Canadian feed wheat rates high in quality survey

Canada’s feed wheat is top notch, according to a quality survey.

Canadian Bio-Systems (CBS) Inc. recently published the results of its third annual survey and once again it shows that protein levels are higher than many people realize.

“This wheat is a pretty good ingredient for livestock feed,” said Rob Patterson, technical director for CBS.

The feed wheat samples gathered from bins at feed mills and on large livestock operations in late 2016 had an average protein level of 14.3 percent.

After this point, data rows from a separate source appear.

lemma brackets_matched_closed_append_iff:
  assumes x: "correct_word x" "word_height x = 0"
  shows "brackets_matched ((x @ [Black]) @ v) i j \<longleftrightarrow>
    brackets_matched (x @ [Black]) i j \<or>
    (length x < i \<and> brackets_matched v (i - Suc (length x)) (j - Suc (length x)))"
proof (cases "length x < i")
  case True
  show ?thesis
  proof (cases "i < j")
    case True
    then have "i = length (x @ [Black]) + (i - Suc (length x))"
      "j = length (x @ [Black]) + (j - Suc (length x))" using \<open>length x < i\<close> by simp_all
    then show ?thesis
      using brackets_matched_append_left[of "x @ [Black]" v "i - Suc (length x)" "j - Suc (length x)"]
        brackets_matched_less[of "x @ [Black]" i j] \<open>length x < i\<close> by auto
  next
    case False
    then show ?thesis using brackets_matched_less by (metis diff_le_mono not_le)
  qed
next
  case False
  then consider "i < length x" | "i = length x" by linarith
  then show ?thesis
  proof cases
    case 1
    show ?thesis
    proof (cases "j < length x")
      case True
      then show ?thesis
        using brackets_matched_append_right[of j "x @ [Black]" v] \<open>\<not> length x < i\<close> by simp
    next
      case False
      then show ?thesis
        using not_brackets_matched_across[OF x 1, of j "[Black] @ v"]
          not_brackets_matched_across[OF x 1, of j "[Black]"] \<open>\<not> length x < i\<close> by simp
    qed
  next
    case 2
    then show ?thesis unfolding brackets_matched_def by (simp add: nth_append)
  qed
qed

lemma closed_block_last_unmatched:
  assumes "correct_word x" "word_height x = 0" "brackets_matched (x @ [Black]) i j"
  shows "j < length x"
proof (rule ccontr)
  assume "\<not> j < length x"
  moreover have "i < length x" using brackets_matched_less[OF assms(3)] by simp
  ultimately show False using not_brackets_matched_across[OF assms(1,2)] assms(3) by simp
qed

definition list_matched :: "('a \<Rightarrow> colour) \<Rightarrow> 'a list \<Rightarrow> 'a \<Rightarrow> 'a \<Rightarrow> bool" where
  "list_matched col L a b \<longleftrightarrow> (\<exists>i j. brackets_matched (map col L) i j \<and> L ! i = a \<and> L ! j = b)"

lemma leaves_matched_eq_list_matched:
  "leaves_matched D \<alpha> \<sigma> col r = list_matched col (leaf_seq D \<alpha> \<sigma> r)"
  by (simp add: fun_eq_iff leaves_matched_def list_matched_def Let_def)

lemma list_matched_closed_append:
  assumes A: "map col A = x @ [Black]" and x: "correct_word x" "word_height x = 0"
  shows "list_matched col (A @ B) l l' \<longleftrightarrow> list_matched col A l l' \<or> list_matched col B l l'"
proof -
  have len: "length A = Suc (length x)" using arg_cong[OF A, of length] by simp
  have split: "brackets_matched (map col (A @ B)) i j \<longleftrightarrow>
      brackets_matched (map col A) i j \<or>
      (length A \<le> i \<and> brackets_matched (map col B) (i - length A) (j - length A))" for i j
    using brackets_matched_closed_append_iff[OF x, of "map col B" i j] A len by auto
  have in_A: "(A @ B) ! i = A ! i \<and> (A @ B) ! j = A ! j" if "brackets_matched (map col A) i j" for i j
    using brackets_matched_less[OF that] by (simp add: nth_append)
  have in_B: "(A @ B) ! i = B ! (i - length A) \<and> (A @ B) ! j = B ! (j - length A)"
    if "length A \<le> i" "brackets_matched (map col B) (i - length A) (j - length A)" for i j
    using brackets_matched_less[OF that(2)] that(1) by (auto simp: nth_append)
  show ?thesis
  proof
    assume "list_matched col (A @ B) l l'"
    then obtain i j where m: "brackets_matched (map col (A @ B)) i j" "(A @ B) ! i = l" "(A @ B) ! j = l'"
      unfolding list_matched_def by blast
    then show "list_matched col A l l' \<or> list_matched col B l l'"
      unfolding list_matched_def split using in_A in_B by metis
  next
    assume "list_matched col A l l' \<or> list_matched col B l l'"
    then show "list_matched col (A @ B) l l'"
    proof
      assume "list_matched col A l l'"
      then show ?thesis unfolding list_matched_def split using in_A by metis
    next
      assume "list_matched col B l l'"
      then obtain i j where m: "brackets_matched (map col B) i j" "B ! i = l" "B ! j = l'"
        unfolding list_matched_def by blast
      then have "brackets_matched (map col (A @ B)) (length A + i) (length A + j)"
        unfolding split by simp
      moreover have "(A @ B) ! (length A + i) = l" "(A @ B) ! (length A + j) = l'"
        using m by simp_all
      ultimately show ?thesis unfolding list_matched_def by blast
    qed
  qed
qed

Patterson said some mills and livestock farms incorporate soybean meal and animal protein into their hog and poultry rations because they mistakenly believe the feed wheat has much lower protein content.

“Maybe we haven’t been giving it as much credit as we ought to,” he said.

Augmenting rations with soybean meal can be an expensive proposition. And soybean meal prices can be volatile, nearly doubling in early 2016.

Using soybean meal from the United States might not be too costly for a farm in southern Manitoba but it is expensive for one near Edmonton due to transportation costs.

If you can use wheat sourced from a neighboring farm it is far more economical, which is why the survey results can be helpful to feed mills and livestock farms.

“They can take it for face value now and start lowering the cost of their rations,” said Patterson.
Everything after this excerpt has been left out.